A JULIAN MANUSCRIPT IN NORWICH CASTLE?
 

Norwich Castle Museum, 'A Pistle of Sent Jerom'
 
 

or centuries, the life of perfection, of contemplation, has been quested by women as well as men. From Early Christianity into the Middle Ages, and even into the Sixteenth and Seventeenth Centuries, with St John of the Cross, O.Carm., and Fathers Augustine Baker and Serenus Cressy, O.S.B., men have worked with women, supporting their lives of prayer, silence, and writing. This material is not bound by time or space but can speak to our condition today as well as to a Desert Mother, or Holy Paula, or Mother Julian, or Saint Teresa or Mother Teresa. Indeed these women not only prayed and read and worked in their cells and anchorholds; they wrote. We learn of Anglo-Saxon nuns writing fine Bibles in letters of gold upon purple vellum for St Lioba's beloved St Boniface. We find a manuscript in Julian's Norwich similarly using gold and purple upon its pages. The apostolate of the scribe these women practised invites us to follow in their footsteps, to leave in our cells that others may find them, books written with love, containing the wisdom quested within, where God dwells.
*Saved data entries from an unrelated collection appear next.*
(* Let $W$ be a stopping time in $\mathcal{T}$ and let $0<\rho<1$. If $Cap_{\mathcal{T}}W\le(1-\rho)^2/4$, then $Cap_{\mathcal{T}}\big(\widehat{W_{\mathcal{T}}^{\rho}},W\big)\le\frac{4}{(1-\rho)^2}Cap_{\mathcal{T}}W$.
   Context: Tree. $\mathcal{T}$ is the rooted dyadic tree whose vertices are the dyadic arcs of the unit circle. The root $o$ is the whole circle. The vertices at level $n\ge0$ are the arcs $\{e^{it}:2\pi j2^{-n}\le t<2\pi(j+1)2^{-n}\}$ for $0\le j<2^n$. Each vertex $x$ has two children, which are the two arcs at the next level contained in it. Write $y\le x$ if $x$ lies in the subtree rooted at $y$, and $y<x$ if moreover $y\ne x$. $[o,x]=\{y:y\le x\}$ and $S(x)=\{y:y\ge x\}$. A stopping time is a set of pairwise incomparable vertices. $\mathcal{G}(\{o\},W)$ is the union of the geodesics $[o,w]$, $w\in W$. Capacity. For $f:\mathcal{T}\to\mathbb{R}$ put $If(x)=\sum_{y\in[o,x]}f(y)$, and define $Cap_{\mathcal{T}}(W)=\inf\{\|f\|^2_{\ell^2(\mathcal{T})}:If\ge1\text{ on }W\}$. For stopping times $E,F$, the condenser capacity is $Cap_{\mathcal{T}}(E,F)=\inf\{\|f\|_{\ell^2(\mathcal{T})}^2: If\ge1\text{ on }F,\ \operatorname{supp}f\subset\bigcup_{e\in E}S(e)\}$. Capacitary blowup. For a stopping time $W$ there is a unique minimizer $h$ of $Cap_{\mathcal{T}}(W)$; set $H=Ih$, so $H=1$ on $W$ and $\|h\|^2=Cap_{\mathcal{T}}W$. For $0<\rho<1$, the capacitary blowup is $\widehat{W_{\mathcal{T}}^{\rho}}=\{t\in\mathcal{G}(\{o\},W):H(t)\ge\rho\text{ and }H(x)\le\rho\text{ for all }x<t\}$. *)

theory Defs
  imports "HOL-Analysis.Analysis"
begin

text \<open>The rooted dyadic tree: a vertex (dyadic arc) at level n is encoded by the
  binary word of length n (bool list) describing the successive choices of halves;
  the root o is the empty word, the two children of x are x @ [False] and x @ [True].
  The tree order y \<le> x (x lies in the subtree rooted at y) is the prefix order.\<close>

type_synonym vertex = "bool list"

definition tle :: "vertex \<Rightarrow> vertex \<Rightarrow> bool" where
  "tle y x \<longleftrightarrow> (\<exists>z. x = y @ z)"

definition tless :: "vertex \<Rightarrow> vertex \<Rightarrow> bool" where
  "tless y x \<longleftrightarrow> tle y x \<and> y \<noteq> x"

definition geod :: "vertex \<Rightarrow> vertex set" where
  "geod x = {y. tle y x}"

definition subtree :: "vertex \<Rightarrow> vertex set" where
  "subtree x = {y. tle x y}"

definition stopping_time :: "vertex set \<Rightarrow> bool" where
  "stopping_time W \<longleftrightarrow> (\<forall>x\<in>W. \<forall>y\<in>W. tle x y \<longrightarrow> x = y)"

definition geodesic_union :: "vertex set \<Rightarrow> vertex set" where
  "geodesic_union W = (\<Union>w\<in>W. geod w)"

definition Iop :: "(vertex \<Rightarrow> real) \<Rightarrow> vertex \<Rightarrow> real" where
  "Iop f x = (\<Sum>y\<in>geod x. f y)"

definition in_l2 :: "(vertex \<Rightarrow> real) \<Rightarrow> bool" where
  "in_l2 f \<longleftrightarrow> (\<lambda>x. (f x)\<^sup>2) summable_on UNIV"

definition norm2 :: "(vertex \<Rightarrow> real) \<Rightarrow> real" where
  "norm2 f = infsum (\<lambda>x. (f x)\<^sup>2) UNIV"

definition cap_admissible :: "vertex set \<Rightarrow> (vertex \<Rightarrow> real) \<Rightarrow> bool" where
  "cap_admissible W f \<longleftrightarrow> in_l2 f \<and> (\<forall>w\<in>W. Iop f w \<ge> 1)"

text \<open>Capacity (infimum in the extended reals; the infimum of the empty set is \<infinity>).\<close>
definition Cap :: "vertex set \<Rightarrow> ereal" where
  "Cap W = (INF f \<in> {f. cap_admissible W f}. ereal (norm2 f))"

definition condCap :: "vertex set \<Rightarrow> vertex set \<Rightarrow> ereal" where
  "condCap E F = (INF f \<in> {f. in_l2 f \<and> (\<forall>w\<in>F. Iop f w \<ge> 1)
                              \<and> {x. f x \<noteq> 0} \<subseteq> (\<Union>e\<in>E. subtree e)}. ereal (norm2 f))"

definition cap_minimizer :: "vertex set \<Rightarrow> vertex \<Rightarrow> real" where
  "cap_minimizer W = (THE h. cap_admissible W h \<and> ereal (norm2 h) = Cap W)"

definition cap_potential :: "vertex set \<Rightarrow> vertex \<Rightarrow> real" where
  "cap_potential W = Iop (cap_minimizer W)"

definition cap_blowup :: "vertex set \<Rightarrow> real \<Rightarrow> vertex set" where
  "cap_blowup W \<rho> = {t \<in> geodesic_union W. cap_potential W t \<ge> \<rho>
                       \<and> (\<forall>x. tless x t \<longrightarrow> cap_potential W x \<le> \<rho>)}"

end

theory Submission
  imports Defs
begin

text \<open>The capacitary minimizer h exists by the Hilbert space argument: the admissible functions
  form a convex set, so by the parallelogram law a minimizing sequence is pointwise Cauchy, and
  its pointwise limit is admissible with norm at most the capacity.

  Along the geodesic from the root to w \<in> W the potential H = I h reaches at least 1 at w.
  Let t be the first vertex on it with H(t) \<ge> \<rho>; then t lies in the blowup, and since the
  mass of h on the proper ancestors of t is H(parent of t) < \<rho> (or 0 if t is the root),
  the mass of h on the segment from t to w is at least 1 - \<rho>. Hence h/(1 - \<rho>), restricted
  to the subtrees rooted at the blowup, is admissible for the condenser capacity, which is
  therefore at most Cap W/(1 - \<rho>)^2.\<close>

lemma tle_iff_take: "tle y x \<longleftrightarrow> length y \<le> length x \<and> y = take (length y) x"
  unfolding tle_def
  by (metis append_eq_conv_conj append_take_drop_id le_add1 length_append)

lemma tle_take_take: "k \<le> j \<Longrightarrow> tle (take k x) (take j x)"
  unfolding tle_iff_take by (simp add: min_def)

lemma geod_eq_image_take: "geod x = (\<lambda>k. take k x) ` {..length x}"
  unfolding geod_def by (auto simp: tle_iff_take intro!: image_eqI)

lemma Iop_eq_sum_take: "Iop g x = (\<Sum>k\<le>length x. g (take k x))"
proof -
  have "inj_on (\<lambda>k. take k x) {..length x}"
    by (rule inj_onI) (metis atMost_iff length_take min.absorb2)
  then show ?thesis unfolding Iop_def geod_eq_image_take by (simp add: sum.reindex)
qed

lemma Iop_take_eq_sum: "k \<le> length x \<Longrightarrow> Iop g (take k x) = (\<Sum>j\<le>k. g (take j x))"
  unfolding Iop_eq_sum_take by (simp add: min_def)

lemma sum_atMost_split:
  fixes g :: "nat \<Rightarrow> 'a::comm_monoid_add"
  assumes "k \<le> n"
  shows "(\<Sum>j\<le>n. g j) = (\<Sum>j<k. g j) + (\<Sum>j\<in>{k..n}. g j)"
proof -
  have "{..n} = {..<k} \<union> {k..n}" using assms by auto
  then show ?thesis by (simp add: sum.union_disjoint ivl_disj_int)
qed

subsection \<open>Square-summable functions on the tree\<close>

lemma norm2_nonneg: "0 \<le> norm2 f"
  unfolding norm2_def by (simp add: infsum_nonneg)

lemma sum_sq_le_norm2: "in_l2 f \<Longrightarrow> finite F \<Longrightarrow> (\<Sum>x\<in>F. (f x)\<^sup>2) \<le> norm2 f"
  unfolding norm2_def in_l2_def by (rule finite_sum_le_infsum) auto

lemma sq_le_norm2: "in_l2 f \<Longrightarrow> (f x)\<^sup>2 \<le> norm2 f"
  using sum_sq_le_norm2[of f "{x}"] by simp

lemma norm2_mono:
  assumes "in_l2 g" "\<And>x. \<bar>f x\<bar> \<le> \<bar>g x\<bar>"
  shows "in_l2 f" "norm2 f \<le> norm2 g"
proof -
  have le: "(f x)\<^sup>2 \<le> (g x)\<^sup>2" for x
    using assms(2)[of x] by (simp add: abs_le_square_iff)
  show "in_l2 f"
    using assms(1) unfolding in_l2_def by (rule summable_on_comparison_test) (simp_all add: le)
  then show "norm2 f \<le> norm2 g"
    using assms(1) unfolding norm2_def in_l2_def by (rule infsum_mono) (rule le)
qed

lemma in_l2_add:
  assumes "in_l2 f" "in_l2 g"
  shows "in_l2 (\<lambda>x. f x + g x)" "in_l2 (\<lambda>x. f x - g x)"
proof -
  have sum: "(\<lambda>x. 2 * ((f x)\<^sup>2 + (g x)\<^sup>2)) summable_on UNIV"
    using assms unfolding in_l2_def by (intro summable_on_cmult_right summable_on_add)
  have "(a + b)\<^sup>2 \<le> 2 * (a\<^sup>2 + b\<^sup>2)" "(a - b)\<^sup>2 \<le> 2 * (a\<^sup>2 + b\<^sup>2)" for a b :: real
    using sum_squares_ge_zero[of "a - b" 0] sum_squares_ge_zero[of "a + b" 0]
    by (simp_all add: power2_eq_square algebra_simps)
  then show "in_l2 (\<lambda>x. f x + g x)" "in_l2 (\<lambda>x. f x - g x)"
    unfolding in_l2_def by (auto intro: summable_on_comparison_test[OF sum])
qed

lemma sq_divide_eq:
  fixes f :: "vertex \<Rightarrow> real"
  shows "(\<lambda>x. (f x / c)\<^sup>2) = (\<lambda>x. (f x)\<^sup>2 * inverse (c\<^sup>2))"
  by (simp add: power_divide field_simps)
The manuscript in Norwich Castle exhibits features related to those found in some of the manuscripts containing Julian of Norwich's Showing of Love and similar works. It is Norwich Castle 158.926/4g.5. It has iii + 89 folios, measuring 190 x 130 millimetres, the text area being 142 x 90 millimetres, in 27 lines to the page. It has some illuminated capitals in gold leaf upon a purple background, as above, which interestingly replicate those St Lioba's St Boniface describes as made by English nuns in England and in Germany in the Anglo-Saxon period, likely under the Abbess Hilda's influence. Its rulings are similar to those in the Westminster and Paris manuscripts, though beyond the opening pages these are uninked, merely scored. It uses rubricated paragraph signs, as in the Paris Manuscript. It is bound in its original boards, though the clasps are now lost. Neil Ker dates it as written at the beginning of the fifteenth century. It contains Theological Treatises, specifically 'An Epistle of St Jerome [actually Pelagius] to the Maid Demetriade who had vowed Chastity', a 'Treatise on the Seven Deadly Sins', fols. 31-58v, a 'Treatise on the Pater Noster', 'Pore Caitif', fol. 58. Richard Copsey, O.Carm. notes that the Treatise on the Seven Deadly Sins', is one written by Richard Lavenham, O.Carm., who lectured on Birgitta's Revelationes at Oxford and who was Richard II's confessor. It uses similar dialect forms as are found especially in the Sloane Manuscripts chapter headings to the Julian Showing of Love, for instance, 'arn' for 'be', and throughout employs a similar vocabulary of ideas as that employed by Julian, 'behouely', 'byddyngs and forbyddyngs', 'woo', 'travail', 'sekir'. It uses Middle English letters, ff for capital F, and thorns, yoghs and longtailed median s's. The rubricated paragraph signs are here given as ||P.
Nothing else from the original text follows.